→ **WHAT TO WORK ON**: Look below for the line containing "rule has_derivative_inner[OF assms[unfolded"; from there through the line containing "using w_nonneg[OF that] by simp", both lines included, please set down each line exactly and nothing else.

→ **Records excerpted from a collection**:
▼

lemma integral_circle_diff_substitution:
  fixes f :: "real \<Rightarrow> real"
  assumes \<phi>: "circle_diff \<phi>" and \<phi>': "\<And>x. (\<phi> has_real_derivative \<phi>' x) (at x)" "continuous_on UNIV \<phi>'"
    and f: "continuous_on UNIV f" "\<And>x. f (x + 2*pi) = f x"
  shows "integral {0..2*pi} (\<lambda>x. \<bar>\<phi>' x\<bar> * f (\<phi> x)) = integral {0..2*pi} f"
proof -
  obtain \<epsilon> where \<epsilon>: "\<epsilon> \<in> {-1, 1}" "\<And>x. \<phi> (x + 2*pi) = \<phi> x + \<epsilon> * (2*pi)"
    and abs_\<phi>': "\<And>x. \<bar>\<phi>' x\<bar> = \<epsilon> * \<phi>' x"
    using circle_diff_derivative_sign[OF \<phi> \<phi>'] by blast
  obtain F where F: "\<And>x. (F has_real_derivative f x) (at x)"
    using continuous_has_primitive[OF f(1)] by blast
  have "(f has_integral F (2*pi) - F 0) {0..2*pi}"
    using F by (intro fundamental_theorem_of_calculus[where f=F])
      (auto simp: has_real_derivative_iff_has_vector_derivative[symmetric] intro: has_field_derivative_at_within)
  then have integral_f: "integral {0..2*pi} f = F (2*pi) - F 0"
    by (rule integral_unique)
  have period: "F (y + 2*pi) - F y = F (2*pi) - F 0" for y
    using F f(2) by (rule primitive_periodic_increment)
  have "((\<lambda>x. \<phi>' x * f (\<phi> x)) has_integral F (\<phi> (2*pi)) - F (\<phi> 0)) {0..2*pi}"
  proof (rule fundamental_theorem_of_calculus[where f="\<lambda>x. F (\<phi> x)"])
    fix x
    have "((\<lambda>x. F (\<phi> x)) has_real_derivative f (\<phi> x) * \<phi>' x) (at x)"
      by (rule DERIV_chain2[OF F \<phi>'(1)])
    then show "((\<lambda>x. F (\<phi> x)) has_vector_derivative \<phi>' x * f (\<phi> x)) (at x within {0..2*pi})"
      by (simp add: has_real_derivative_iff_has_vector_derivative[symmetric] mult.commute
          has_field_derivative_at_within)
  qed simp
  then have "((\<lambda>x. \<epsilon> * (\<phi>' x * f (\<phi> x))) has_integral \<epsilon> * (F (\<phi> (2*pi)) - F (\<phi> 0))) {0..2*pi}"
    by (rule has_integral_mult_right)
  then have "integral {0..2*pi} (\<lambda>x. \<bar>\<phi>' x\<bar> * f (\<phi> x)) = \<epsilon> * (F (\<phi> (2*pi)) - F (\<phi> 0))"
    unfolding abs_\<phi>' mult.assoc by (rule integral_unique)
  also have "\<dots> = \<epsilon> * (F (\<phi> 0 + \<epsilon> * (2*pi)) - F (\<phi> 0))"
    using \<epsilon>(2)[of 0] by simp
  also have "\<dots> = integral {0..2*pi} f"
  proof (cases "\<epsilon> = 1")
    case False
    with \<epsilon>(1) have "\<epsilon> = -1"
      by simp
    with period[of "\<phi> 0 - 2*pi"] integral_f show ?thesis
      by simp
  qed (use period[of "\<phi> 0"] integral_f in simp)
  finally show ?thesis .
qed

lemma len_comp_circle_diff:
  assumes d: "immersion d" and \<phi>: "circle_diff \<phi>"
  shows "len (d \<circ> \<phi>) = len d"
proof -
  obtain d' where d': "\<And>x. (d has_vector_derivative d' x) (at x)" "continuous_on UNIV d'"
    using d unfolding immersion_def by (meson smooth_fun_has_continuous_derivative)
  obtain \<phi>' where \<phi>': "\<And>x. (\<phi> has_real_derivative \<phi>' x) (at x)" "continuous_on UNIV \<phi>'"
    using \<phi> unfolding circle_diff_def has_real_derivative_iff_has_vector_derivative
    by (meson smooth_fun_has_continuous_derivative)
  have d'_periodic: "norm (d' (x + 2*pi)) = norm (d' x)" for x
    using periodic_derivative_periodic[OF _ d'(1)] d unfolding immersion_def by metis
  have "vector_derivative (d \<circ> \<phi>) (at x) = \<phi>' x *\<^sub>R d' (\<phi> x)" for x
    using vector_diff_chain_at[OF \<phi>'(1)[unfolded has_real_derivative_iff_has_vector_derivative] d'(1)]
    by (rule vector_derivative_at)
  then have "len (d \<circ> \<phi>) = integral {0..2*pi} (\<lambda>x. \<bar>\<phi>' x\<bar> * norm (d' (\<phi> x)))"
    by (simp add: len_def)
  also have "\<dots> = integral {0..2*pi} (\<lambda>x. norm (d' x))"
    using d'(2) d'_periodic by (intro integral_circle_diff_substitution[OF \<phi> \<phi>'] continuous_on_norm)
  also have "\<dots> = len d"
    by (simp add: len_def vector_derivative_at[OF d'(1)])
  finally show ?thesis .
qed

lemma same_orbit_len:
  assumes "immersion d" and "same_orbit c d"
  shows "len c = len d"
  using assms len_comp_circle_diff unfolding same_orbit_def by blast

lemma has_real_derivative_norm:
  fixes f :: "real \<Rightarrow> 'a::real_inner"
  assumes "(f has_vector_derivative f') (at x within S)" and "f x \<noteq> 0"
  shows "((\<lambda>y. norm (f y)) has_real_derivative (f x \<bullet> f') / norm (f x)) (at x within S)"
  unfolding has_field_derivative_def
  by (rule has_derivative_eq_rhs,
      rule has_derivative_compose[OF assms(1)[unfolded has_vector_derivative_def]
        has_derivative_norm[OF assms(2)]])
    (auto simp: fun_eq_iff sgn_div_norm inner_commute field_simps)

lemma has_real_derivative_inner:
  fixes f g :: "real \<Rightarrow> 'a::real_inner"
  assumes "(f has_vector_derivative f') (at x within S)"
    and "(g has_vector_derivative g') (at x within S)"
  shows "((\<lambda>y. f y \<bullet> g y) has_real_derivative (f x \<bullet> g' + f' \<bullet> g x)) (at x within S)"
  unfolding has_field_derivative_def
  by (rule has_derivative_eq_rhs,
      rule has_derivative_inner[OF assms[unfolded has_vector_derivative_def]])
    (auto simp: fun_eq_iff algebra_simps)

lemma complex_inner_Lagrange_identity:
  fixes a b v :: complex
  shows "(b \<bullet> v) * (norm a)\<^sup>2 - (a \<bullet> v) * (a \<bullet> b) = Im (cnj a * b) * Im (cnj a * v)"
  unfolding cmod_power2 by (simp add: inner_complex_def algebra_simps power2_eq_square)

lemma inner_rotated_unit:
  fixes a v :: complex
  shows "v \<bullet> (\<i> * a / complex_of_real (norm a)) = Im (cnj a * v) / norm a"
  by (cases "a = 0") (simp_all add: inner_complex_def field_simps)

lemma weighted_Cauchy_Schwarz_integral:
  fixes u w :: "real \<Rightarrow> real"
  assumes uw: "(\<lambda>x. u x * w x) integrable_on S" and w: "w integrable_on S"
    and u2w: "(\<lambda>x. (u x)\<^sup>2 * w x) integrable_on S"
    and w_nonneg: "\<And>x. x \<in> S \<Longrightarrow> w x \<ge> 0"
  shows "(integral S (\<lambda>x. u x * w x))\<^sup>2 \<le> integral S w * integral S (\<lambda>x. (u x)\<^sup>2 * w x)"
proof -
  define M where "M = integral S (\<lambda>x. u x * w x)"
  define l where "l = integral S w"
  define J where "J = integral S (\<lambda>x. (u x)\<^sup>2 * w x)"
  have quadratic: "2 * r * M \<le> r\<^sup>2 * l + J" for r
  proof -
    have pointwise: "2 * r * (u x * w x) \<le> r\<^sup>2 * w x + (u x)\<^sup>2 * w x" if "x \<in> S" for x
    proof -
      have "0 \<le> w x * (r - u x)\<^sup>2"
        using w_nonneg[OF that] by simp
      then show ?thesis
        by (simp add: power2_eq_square algebra_simps)
    qed
    have "((\<lambda>x. 2 * r * (u x * w x)) has_integral 2 * r * M) S"
      unfolding M_def using uw by (intro has_integral_mult_right integrable_integral)
    moreover have "((\<lambda>x. r\<^sup>2 * w x + (u x)\<^sup>2 * w x) has_integral r\<^sup>2 * l + J) S"
      unfolding l_def J_def using w u2w
      by (intro has_integral_add has_integral_mult_right integrable_integral)
    ultimately show ?thesis
      using pointwise by (rule has_integral_le)
  qed
  have "l \<ge> 0"
    unfolding l_def using w w_nonneg by (rule integral_nonneg)
  then consider "l > 0" | "l = 0"
    by linarith
  then have "M\<^sup>2 \<le> l * J"
  proof cases
    case 1
    then have "M\<^sup>2 / l \<le> J"
      using quadratic[of "M / l"] by (simp add: power2_eq_square field_simps)
    with 1 show ?thesis
      by (simp add: field_simps)
  next
    case 2
    have "M = 0"
    proof (rule ccontr)
      assume "M \<noteq> 0"
      then have "2 * ((\<bar>J\<bar> + 1) / (2 * M)) * M = \<bar>J\<bar> + 1"
        by simp
      with quadratic[of "(\<bar>J\<bar> + 1) / (2 * M)"] 2 show False
        by simp
    qed
    with 2 show ?thesis by simp
  qed
  then show ?thesis
    unfolding M_def l_def J_def .
qed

▲

→ **SOLUTION**:
      rule has_derivative_inner[OF assms[unfolded has_vector_derivative_def]])
    (auto simp: fun_eq_iff algebra_simps)

lemma complex_inner_Lagrange_identity:
  fixes a b v :: complex
  shows "(b \<bullet> v) * (norm a)\<^sup>2 - (a \<bullet> v) * (a \<bullet> b) = Im (cnj a * b) * Im (cnj a * v)"
  unfolding cmod_power2 by (simp add: inner_complex_def algebra_simps power2_eq_square)

lemma inner_rotated_unit:
  fixes a v :: complex
  shows "v \<bullet> (\<i> * a / complex_of_real (norm a)) = Im (cnj a * v) / norm a"
  by (cases "a = 0") (simp_all add: inner_complex_def field_simps)

lemma weighted_Cauchy_Schwarz_integral:
  fixes u w :: "real \<Rightarrow> real"
  assumes uw: "(\<lambda>x. u x * w x) integrable_on S" and w: "w integrable_on S"
    and u2w: "(\<lambda>x. (u x)\<^sup>2 * w x) integrable_on S"
    and w_nonneg: "\<And>x. x \<in> S \<Longrightarrow> w x \<ge> 0"
  shows "(integral S (\<lambda>x. u x * w x))\<^sup>2 \<le> integral S w * integral S (\<lambda>x. (u x)\<^sup>2 * w x)"
proof -
  define M where "M = integral S (\<lambda>x. u x * w x)"
  define l where "l = integral S w"
  define J where "J = integral S (\<lambda>x. (u x)\<^sup>2 * w x)"
  have quadratic: "2 * r * M \<le> r\<^sup>2 * l + J" for r
  proof -
    have pointwise: "2 * r * (u x * w x) \<le> r\<^sup>2 * w x + (u x)\<^sup>2 * w x" if "x \<in> S" for x
    proof -
      have "0 \<le> w x * (r - u x)\<^sup>2"
        using w_nonneg[OF that] by simp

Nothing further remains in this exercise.